The HNC was dominated by Mohammad Alloush of the Salafist group Jaysh al-Islam, a cousin and brother-in-law of Zahran Alloush, who had been killed in December 2015 in a missile attack claimed by the Syrian government. Russia and Iran deem Mohammad Alloush a terrorist.

The Syrian government’s delegation was led by Bashar Jaafari, Syria′s ambassador to the UN.

== Formal start of talks ==
On 1 February 2016, the UN announced the formal start of the talks.

On 2 February, the coalition of opposition groups HNC warned that the offensive military operations conducted by Syrian government forces north of the city of Aleppo could put the intended peace talks at risk.

== Suspension ==
On 3 February, UN envoy Staffan de Mistura suspended the peace talks, until 25 February. A UN official said anonymously that de Mistura had probably suspended the talks because the UN did not want to be associated with the Syrian government’s military advance against rebels north of Aleppo, backed by Russian airstrikes. Staffan de Mistura insisted that negotiations had not failed and would resume on 25 February.

Russian foreign minister Lavrov commented that "the [Syrian] opposition took a completely unconstructive position and tried to put forward preconditions".

Rebel commanders were cited as saying they hoped the peace talks' collapse would "convince their foreign backers, states including Turkey and Saudi Arabia, that it was time to send them more powerful and advanced weapons, including anti-aircraft missiles".
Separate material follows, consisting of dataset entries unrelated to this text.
(* Assume the model, Assumption (B), Assumption (K) and Assumption (S) below, and suppose the parameters $\theta_1,\dots,\theta_K$ are known. Let the policy be MaxWeight: at each time $t$, $$\{S_{k,t}\}_{k\in[K]}\in\operatorname{argmax}_{(S_1,\dots,S_K)\in\mathcal M(\mathcal N_t)}\sum_{k\in[K]}\sum_{n\in S_k}Q_n(t)\,\mu(n\mid S_k,\theta_k).$$ Then there is an absolute constant $C>0$ such that for every horizon $T\ge1$, $$\mathcal Q(T)\le C\,\frac{\min\{N,K\}}{\epsilon},$$ i.e. $\mathcal Q(T)=O(\min\{N,K\}/\epsilon)$; in particular the system is stable: $\lim_{T\to\infty}\mathcal Q(T)<\infty$.
   Context: Model. Fix integers $N,K,L,d\ge1$ with $N\le KL$. Agents (queues) $n\in[N]$ have known feature vectors $x_n\in\mathbb R^d$; arms (servers) $k\in[K]$ have unknown parameters $\theta_k\in\mathbb R^d$. For $S\subseteq[N]$, $\theta\in\mathbb R^d$ and $n\in S$, the multinomial logit (MNL) probabilities are $\mu(n\mid S,\theta)=\frac{\exp(x_n^\top\theta)}{1+\sum_{m\in S}\exp(x_m^\top\theta)}$ and, for the null agent $n_0$, $\mu(n_0\mid S,\theta)=\frac{1}{1+\sum_{m\in S}\exp(x_m^\top\theta)}$. For $\mathcal N\subseteq[N]$, $\mathcal M(\mathcal N)$ is the set of $K$-tuples $(S_1,\dots,S_K)$ of pairwise disjoint subsets of $\mathcal N$ with $|S_k|\le L$ for all $k$ and $\bigcup_k S_k=\mathcal N$. Dynamics: $Q_n(1)=0$ for all $n$. At each time $t=1,2,\dots$, let $\mathcal N_t=\{n\in[N]:Q_n(t)\neq0\}$; the policy chooses $(S_{1,t},\dots,S_{K,t})\in\mathcal M(\mathcal N_t)$ as a function of the past (features, past assortments and feedback, current queue lengths, internal randomness); for $n\in\mathcal N_t$, $k_{n,t}$ denotes the arm with $n\in S_{k_{n,t},t}$. Each arm $k$ independently accepts agent $n\in S_{k,t}$ with probability $\mu(n\mid S_{k,t},\theta_k)$ and accepts no one with probability $\mu(n_0\mid S_{k,t},\theta_k)$. $D_n(t)\in\{0,1\}$ indicates that $n$ was accepted ($D_n(t)=0$ if $n\notin\mathcal N_t$), and $y_{n,t}=D_n(t)$ is the observed feedback. Arrivals $A_n(t)\in\{0,1\}$ are Bernoulli($\lambda_n$), $\lambda_n\in[0,1]$ unknown, independent over $n$ and $t$ and of everything else. Queues evolve as $Q_n(t+1)=\max\{Q_n(t)+A_n(t)-D_n(t),0\}$. The average queue length is $\mathcal Q(T)=\frac1T\sum_{t=1}^T\sum_{n=1}^N\mathbb E[Q_n(t)]$. Assumption (B): $\|x_n\|_2\le1$ for all $n$ and $\|\theta_k\|_2\le1$ for all $k$. Assumption (K): there is $\kappa>0$ such that $\mu(n\mid S,\theta)\,\mu(n_0\mid S,\theta)\ge\kappa$ for all $S\subseteq[N]$ with $|S|\le L$, all $n\in S$ and all $\theta$ with $\|\theta\|_2\le1$. Assumption (S) (traffic slackness): there is $\epsilon\in(0,1)$ and $(S_1,\dots,S_K)\in\mathcal M([N])$ with $\lambda_n+\epsilon\le\mu(n\mid S_k,\theta_k)$ for all $k\in[K]$ and all $n\in S_k$. *)

theory Defs
  imports "HOL-Probability.Probability"
begin

text \<open>Vectors in R^d are represented as functions nat => real, only coordinates i < d matter.
  Agents are 0..N-1, arms are 0..K-1.\<close>

definition ip :: "nat \<Rightarrow> (nat \<Rightarrow> real) \<Rightarrow> (nat \<Rightarrow> real) \<Rightarrow> real" where
  "ip d u v = (\<Sum>i<d. u i * v i)"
== Cessation of hostilities (27 February 2016) ==
On 12 February 2016, the ISSG powers established an ISSG ceasefire task force, under the auspices of the UN, co-chaired by Russia and the United States, and issued a joint communique saying inter alia: ″An ISSG task force will within one week elaborate modalities for a nationwide cessation of hostilities. The ISSG members unanimously committed to immediately facilitate the full implementation of the UN Security Council Resolution 2254, adopted unanimously December 18, 2015.″ That same 12 February, the Syrian President Assad vowed to regain whole Syria, and Russia continued its bombing support of Assad. Turkey on 13 February began a sustained campaign of shelling Kurdish YPG targets in northern Syria.

On 22 February 2016, in Munich, foreign ministers of Russia and the U.S., as co-chairs of the ISSG, announced that they had concluded a deal to seek a nationwide cessation of hostilities in Syria to begin a week later. The deal set out the Terms for a Cessation of Hostilities in Syria. Russia and the U.S. proposed that the cessation of hostilities commence at 00:00 (Damascus time) on February 27, 2016. The cessation of hostilities was to be applied to those parties to the Syrian conflict that had indicated their commitment to and acceptance of the terms thereof; consistent with UN Security Council Resolution 2254 and the statements of the ISSG, the cessation of hostilities did not apply to ISIL, Jabhat al-Nusra, or other terrorist organizations as designated by the UN Security Council.

On 23 February 2016, Russia announced the establishment of a coordination center to reconcile the warring parties in Syria its Khmeimim airbase in Latakia Governorate. As specified in the 22 February 2016 ISSG agreement, the Bulletin of the Russian Centre for reconciliation of opposing sides in the Syrian Arab Republic began publishing daily reports on the ceasefire to the Ministry of Defence of the Russian Federation Facebook page and Twitter feed.

The ISSG countries are supposed to monitor compliance with the terms of the truce, which was pronounced as of 29 February 2016, when the ISSG task force met in Geneva, to be largely holding.

==Aftermath==

A new round of talks in Geneva, originally planned for 8 February 2017, opened on 23 February 2017.